About this task: Could you set down exactly the lines that start at the one containing "using assms kernel_on_prob_algebra_point[OF" and end at the final line of the material below?

Material provided:
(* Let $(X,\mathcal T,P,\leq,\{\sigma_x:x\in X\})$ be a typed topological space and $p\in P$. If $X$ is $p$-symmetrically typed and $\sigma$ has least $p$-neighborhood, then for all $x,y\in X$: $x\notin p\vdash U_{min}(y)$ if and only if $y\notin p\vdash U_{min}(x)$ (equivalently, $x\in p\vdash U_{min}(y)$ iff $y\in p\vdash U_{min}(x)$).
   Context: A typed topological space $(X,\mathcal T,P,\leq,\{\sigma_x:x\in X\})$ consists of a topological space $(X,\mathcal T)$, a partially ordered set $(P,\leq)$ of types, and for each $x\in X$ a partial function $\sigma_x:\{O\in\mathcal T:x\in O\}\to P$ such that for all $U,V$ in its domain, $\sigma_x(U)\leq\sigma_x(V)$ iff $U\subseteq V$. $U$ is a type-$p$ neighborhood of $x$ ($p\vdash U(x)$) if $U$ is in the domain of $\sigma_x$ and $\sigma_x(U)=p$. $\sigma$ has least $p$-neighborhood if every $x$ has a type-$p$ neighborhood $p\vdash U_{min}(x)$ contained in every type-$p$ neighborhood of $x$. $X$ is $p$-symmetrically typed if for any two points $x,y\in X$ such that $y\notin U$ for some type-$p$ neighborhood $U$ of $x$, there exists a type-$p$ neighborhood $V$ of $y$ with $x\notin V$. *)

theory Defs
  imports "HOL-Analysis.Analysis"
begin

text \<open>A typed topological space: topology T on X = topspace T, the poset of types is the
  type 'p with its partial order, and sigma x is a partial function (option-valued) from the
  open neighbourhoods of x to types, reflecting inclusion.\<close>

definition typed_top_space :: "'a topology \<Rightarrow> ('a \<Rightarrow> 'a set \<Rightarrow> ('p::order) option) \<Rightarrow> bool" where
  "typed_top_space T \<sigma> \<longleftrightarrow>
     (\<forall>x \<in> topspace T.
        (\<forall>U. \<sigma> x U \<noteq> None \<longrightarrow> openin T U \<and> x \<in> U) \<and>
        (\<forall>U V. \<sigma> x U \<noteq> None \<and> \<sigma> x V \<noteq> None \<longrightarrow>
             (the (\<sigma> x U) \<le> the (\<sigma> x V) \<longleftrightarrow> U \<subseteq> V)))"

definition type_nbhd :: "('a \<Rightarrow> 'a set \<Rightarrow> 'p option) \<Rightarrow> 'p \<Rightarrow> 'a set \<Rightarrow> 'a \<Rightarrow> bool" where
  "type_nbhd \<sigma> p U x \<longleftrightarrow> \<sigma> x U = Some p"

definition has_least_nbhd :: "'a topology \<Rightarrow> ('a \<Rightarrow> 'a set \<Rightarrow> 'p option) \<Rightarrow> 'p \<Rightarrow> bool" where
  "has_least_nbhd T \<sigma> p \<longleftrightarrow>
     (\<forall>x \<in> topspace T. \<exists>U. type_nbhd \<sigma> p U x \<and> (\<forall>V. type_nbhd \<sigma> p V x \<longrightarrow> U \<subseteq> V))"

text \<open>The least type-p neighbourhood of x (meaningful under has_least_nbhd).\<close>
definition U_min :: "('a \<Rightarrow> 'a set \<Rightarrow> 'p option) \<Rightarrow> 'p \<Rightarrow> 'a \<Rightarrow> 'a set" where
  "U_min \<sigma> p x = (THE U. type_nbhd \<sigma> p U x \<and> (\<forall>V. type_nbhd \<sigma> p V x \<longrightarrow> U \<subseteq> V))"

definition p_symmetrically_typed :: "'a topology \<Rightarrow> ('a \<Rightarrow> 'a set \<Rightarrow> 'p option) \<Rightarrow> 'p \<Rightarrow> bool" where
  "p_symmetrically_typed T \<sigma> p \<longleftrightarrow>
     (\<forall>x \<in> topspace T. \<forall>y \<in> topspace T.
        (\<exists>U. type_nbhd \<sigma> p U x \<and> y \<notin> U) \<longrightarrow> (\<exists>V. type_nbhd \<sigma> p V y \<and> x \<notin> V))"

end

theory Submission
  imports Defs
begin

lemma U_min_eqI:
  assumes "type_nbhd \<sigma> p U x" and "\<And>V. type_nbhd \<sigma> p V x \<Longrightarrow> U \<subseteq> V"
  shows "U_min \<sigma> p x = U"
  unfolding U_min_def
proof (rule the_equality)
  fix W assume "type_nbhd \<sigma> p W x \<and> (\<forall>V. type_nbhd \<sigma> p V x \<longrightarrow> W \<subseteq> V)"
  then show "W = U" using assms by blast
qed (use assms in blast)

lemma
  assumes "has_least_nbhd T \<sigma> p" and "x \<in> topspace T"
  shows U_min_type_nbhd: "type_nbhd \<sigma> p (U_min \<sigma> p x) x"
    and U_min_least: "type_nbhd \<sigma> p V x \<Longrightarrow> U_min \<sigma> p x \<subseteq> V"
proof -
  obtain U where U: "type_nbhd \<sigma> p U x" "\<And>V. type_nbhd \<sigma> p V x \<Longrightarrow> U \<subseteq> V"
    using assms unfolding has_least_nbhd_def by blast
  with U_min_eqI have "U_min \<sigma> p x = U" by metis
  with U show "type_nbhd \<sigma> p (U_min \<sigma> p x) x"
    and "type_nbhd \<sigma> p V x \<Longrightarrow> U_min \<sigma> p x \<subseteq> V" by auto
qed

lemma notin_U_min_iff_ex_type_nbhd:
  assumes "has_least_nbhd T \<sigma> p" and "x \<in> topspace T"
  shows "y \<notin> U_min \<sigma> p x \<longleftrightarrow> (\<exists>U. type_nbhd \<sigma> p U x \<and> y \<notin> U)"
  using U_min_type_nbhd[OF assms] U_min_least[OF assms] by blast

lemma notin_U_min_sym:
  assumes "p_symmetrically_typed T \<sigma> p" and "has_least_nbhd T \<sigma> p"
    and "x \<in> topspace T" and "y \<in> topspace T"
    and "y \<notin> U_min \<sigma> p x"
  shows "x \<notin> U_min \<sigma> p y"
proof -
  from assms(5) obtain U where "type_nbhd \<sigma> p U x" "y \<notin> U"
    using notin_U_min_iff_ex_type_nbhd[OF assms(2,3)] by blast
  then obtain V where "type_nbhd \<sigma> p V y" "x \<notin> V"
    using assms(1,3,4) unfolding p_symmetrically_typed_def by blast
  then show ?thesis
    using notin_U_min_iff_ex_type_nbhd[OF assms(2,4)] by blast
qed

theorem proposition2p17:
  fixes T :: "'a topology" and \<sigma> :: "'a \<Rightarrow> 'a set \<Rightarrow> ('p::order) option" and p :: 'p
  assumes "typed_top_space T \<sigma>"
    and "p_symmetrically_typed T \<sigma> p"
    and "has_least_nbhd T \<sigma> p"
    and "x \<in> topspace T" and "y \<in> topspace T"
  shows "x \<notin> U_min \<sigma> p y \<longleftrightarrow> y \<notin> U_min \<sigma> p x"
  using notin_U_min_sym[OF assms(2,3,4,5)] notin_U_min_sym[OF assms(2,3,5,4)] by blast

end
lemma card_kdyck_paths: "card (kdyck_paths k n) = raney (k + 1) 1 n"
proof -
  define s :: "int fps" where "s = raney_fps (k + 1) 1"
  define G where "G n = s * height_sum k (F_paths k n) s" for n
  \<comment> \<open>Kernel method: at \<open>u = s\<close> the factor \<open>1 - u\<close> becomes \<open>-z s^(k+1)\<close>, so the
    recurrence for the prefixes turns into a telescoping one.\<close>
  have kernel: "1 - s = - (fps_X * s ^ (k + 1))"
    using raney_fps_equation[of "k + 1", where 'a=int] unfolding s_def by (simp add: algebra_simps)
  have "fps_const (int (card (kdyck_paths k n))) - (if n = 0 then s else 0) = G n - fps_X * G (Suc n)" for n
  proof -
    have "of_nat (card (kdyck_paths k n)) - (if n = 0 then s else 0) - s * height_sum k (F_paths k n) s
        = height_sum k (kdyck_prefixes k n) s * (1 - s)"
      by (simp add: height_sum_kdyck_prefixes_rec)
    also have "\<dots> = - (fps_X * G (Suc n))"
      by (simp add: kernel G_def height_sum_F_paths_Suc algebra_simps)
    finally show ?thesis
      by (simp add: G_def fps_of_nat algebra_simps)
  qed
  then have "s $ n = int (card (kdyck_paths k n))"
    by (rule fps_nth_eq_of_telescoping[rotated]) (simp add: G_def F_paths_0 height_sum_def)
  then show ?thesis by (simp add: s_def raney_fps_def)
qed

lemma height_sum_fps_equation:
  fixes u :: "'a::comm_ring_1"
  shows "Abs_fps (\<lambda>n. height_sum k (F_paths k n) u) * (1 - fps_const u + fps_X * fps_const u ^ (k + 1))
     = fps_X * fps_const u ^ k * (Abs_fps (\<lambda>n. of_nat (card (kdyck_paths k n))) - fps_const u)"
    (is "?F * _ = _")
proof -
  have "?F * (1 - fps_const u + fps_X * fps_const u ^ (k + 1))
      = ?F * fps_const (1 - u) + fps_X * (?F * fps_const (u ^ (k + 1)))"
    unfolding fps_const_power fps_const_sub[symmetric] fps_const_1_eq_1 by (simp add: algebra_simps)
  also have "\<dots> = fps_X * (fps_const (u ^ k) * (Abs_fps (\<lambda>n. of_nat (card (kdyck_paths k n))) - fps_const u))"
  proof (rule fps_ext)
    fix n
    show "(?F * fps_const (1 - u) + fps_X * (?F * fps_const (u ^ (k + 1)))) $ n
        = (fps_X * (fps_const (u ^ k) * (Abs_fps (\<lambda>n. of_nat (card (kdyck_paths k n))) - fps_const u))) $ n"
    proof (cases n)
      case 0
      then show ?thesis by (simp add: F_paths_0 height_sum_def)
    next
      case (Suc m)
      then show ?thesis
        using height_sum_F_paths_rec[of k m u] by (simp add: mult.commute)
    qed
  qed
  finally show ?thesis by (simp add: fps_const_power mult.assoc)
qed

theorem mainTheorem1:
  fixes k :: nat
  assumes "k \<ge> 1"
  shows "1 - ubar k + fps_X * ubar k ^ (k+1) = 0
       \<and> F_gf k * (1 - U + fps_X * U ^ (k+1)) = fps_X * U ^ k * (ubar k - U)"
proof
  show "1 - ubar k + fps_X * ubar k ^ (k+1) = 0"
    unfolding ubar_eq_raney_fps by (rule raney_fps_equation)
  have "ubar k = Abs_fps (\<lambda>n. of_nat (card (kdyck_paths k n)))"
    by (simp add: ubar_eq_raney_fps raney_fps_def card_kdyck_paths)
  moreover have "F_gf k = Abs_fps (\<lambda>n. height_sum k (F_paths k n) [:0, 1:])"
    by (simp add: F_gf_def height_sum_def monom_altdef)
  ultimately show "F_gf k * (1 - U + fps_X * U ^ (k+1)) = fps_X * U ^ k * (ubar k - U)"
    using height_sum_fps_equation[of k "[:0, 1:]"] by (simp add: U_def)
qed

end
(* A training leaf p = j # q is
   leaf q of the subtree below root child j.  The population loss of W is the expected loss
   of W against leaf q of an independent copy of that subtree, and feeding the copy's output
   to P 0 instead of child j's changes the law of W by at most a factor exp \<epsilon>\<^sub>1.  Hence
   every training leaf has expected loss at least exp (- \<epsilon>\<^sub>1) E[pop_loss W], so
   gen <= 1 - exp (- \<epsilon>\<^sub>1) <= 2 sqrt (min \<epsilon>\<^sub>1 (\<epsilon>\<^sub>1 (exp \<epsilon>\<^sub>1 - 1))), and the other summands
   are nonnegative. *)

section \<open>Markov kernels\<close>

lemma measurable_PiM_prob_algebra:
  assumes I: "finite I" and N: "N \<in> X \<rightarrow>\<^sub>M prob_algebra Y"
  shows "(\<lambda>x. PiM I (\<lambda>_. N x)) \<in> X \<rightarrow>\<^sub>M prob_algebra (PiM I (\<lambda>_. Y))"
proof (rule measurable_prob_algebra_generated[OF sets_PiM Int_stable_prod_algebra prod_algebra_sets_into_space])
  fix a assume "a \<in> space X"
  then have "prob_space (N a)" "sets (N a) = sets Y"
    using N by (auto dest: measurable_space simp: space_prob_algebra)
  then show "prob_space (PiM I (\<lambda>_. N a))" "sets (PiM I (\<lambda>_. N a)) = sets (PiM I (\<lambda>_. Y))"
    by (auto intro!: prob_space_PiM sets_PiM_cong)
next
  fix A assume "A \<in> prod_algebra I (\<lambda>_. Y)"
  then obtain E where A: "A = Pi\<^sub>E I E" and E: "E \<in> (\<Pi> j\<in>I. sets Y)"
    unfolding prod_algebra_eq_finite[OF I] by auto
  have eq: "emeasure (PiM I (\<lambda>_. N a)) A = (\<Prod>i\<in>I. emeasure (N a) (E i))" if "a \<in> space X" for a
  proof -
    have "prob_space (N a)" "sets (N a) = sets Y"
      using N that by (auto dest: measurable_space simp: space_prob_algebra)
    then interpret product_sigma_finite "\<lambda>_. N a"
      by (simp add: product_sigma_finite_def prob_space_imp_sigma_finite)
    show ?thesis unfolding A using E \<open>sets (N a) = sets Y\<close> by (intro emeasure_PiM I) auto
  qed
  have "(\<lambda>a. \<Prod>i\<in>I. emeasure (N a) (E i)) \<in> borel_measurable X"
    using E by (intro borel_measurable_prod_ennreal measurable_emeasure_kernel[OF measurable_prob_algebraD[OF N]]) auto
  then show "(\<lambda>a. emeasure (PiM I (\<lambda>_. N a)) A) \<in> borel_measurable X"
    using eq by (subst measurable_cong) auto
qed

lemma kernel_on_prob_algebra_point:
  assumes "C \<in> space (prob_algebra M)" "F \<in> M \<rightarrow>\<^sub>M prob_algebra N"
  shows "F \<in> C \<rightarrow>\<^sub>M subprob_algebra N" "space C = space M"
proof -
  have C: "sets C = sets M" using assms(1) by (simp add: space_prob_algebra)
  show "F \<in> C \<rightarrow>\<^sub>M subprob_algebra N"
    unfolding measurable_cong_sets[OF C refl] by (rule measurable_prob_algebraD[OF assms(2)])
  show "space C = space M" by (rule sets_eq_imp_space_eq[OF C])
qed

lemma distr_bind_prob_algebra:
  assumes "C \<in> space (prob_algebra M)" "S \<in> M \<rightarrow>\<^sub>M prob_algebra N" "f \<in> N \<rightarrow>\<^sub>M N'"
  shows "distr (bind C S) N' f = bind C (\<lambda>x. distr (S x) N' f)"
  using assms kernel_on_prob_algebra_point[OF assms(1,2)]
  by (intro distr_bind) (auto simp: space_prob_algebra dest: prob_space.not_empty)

Result of this exercise:
  using assms kernel_on_prob_algebra_point[OF assms(1,2)]
  by (intro distr_bind) (auto simp: space_prob_algebra dest: prob_space.not_empty)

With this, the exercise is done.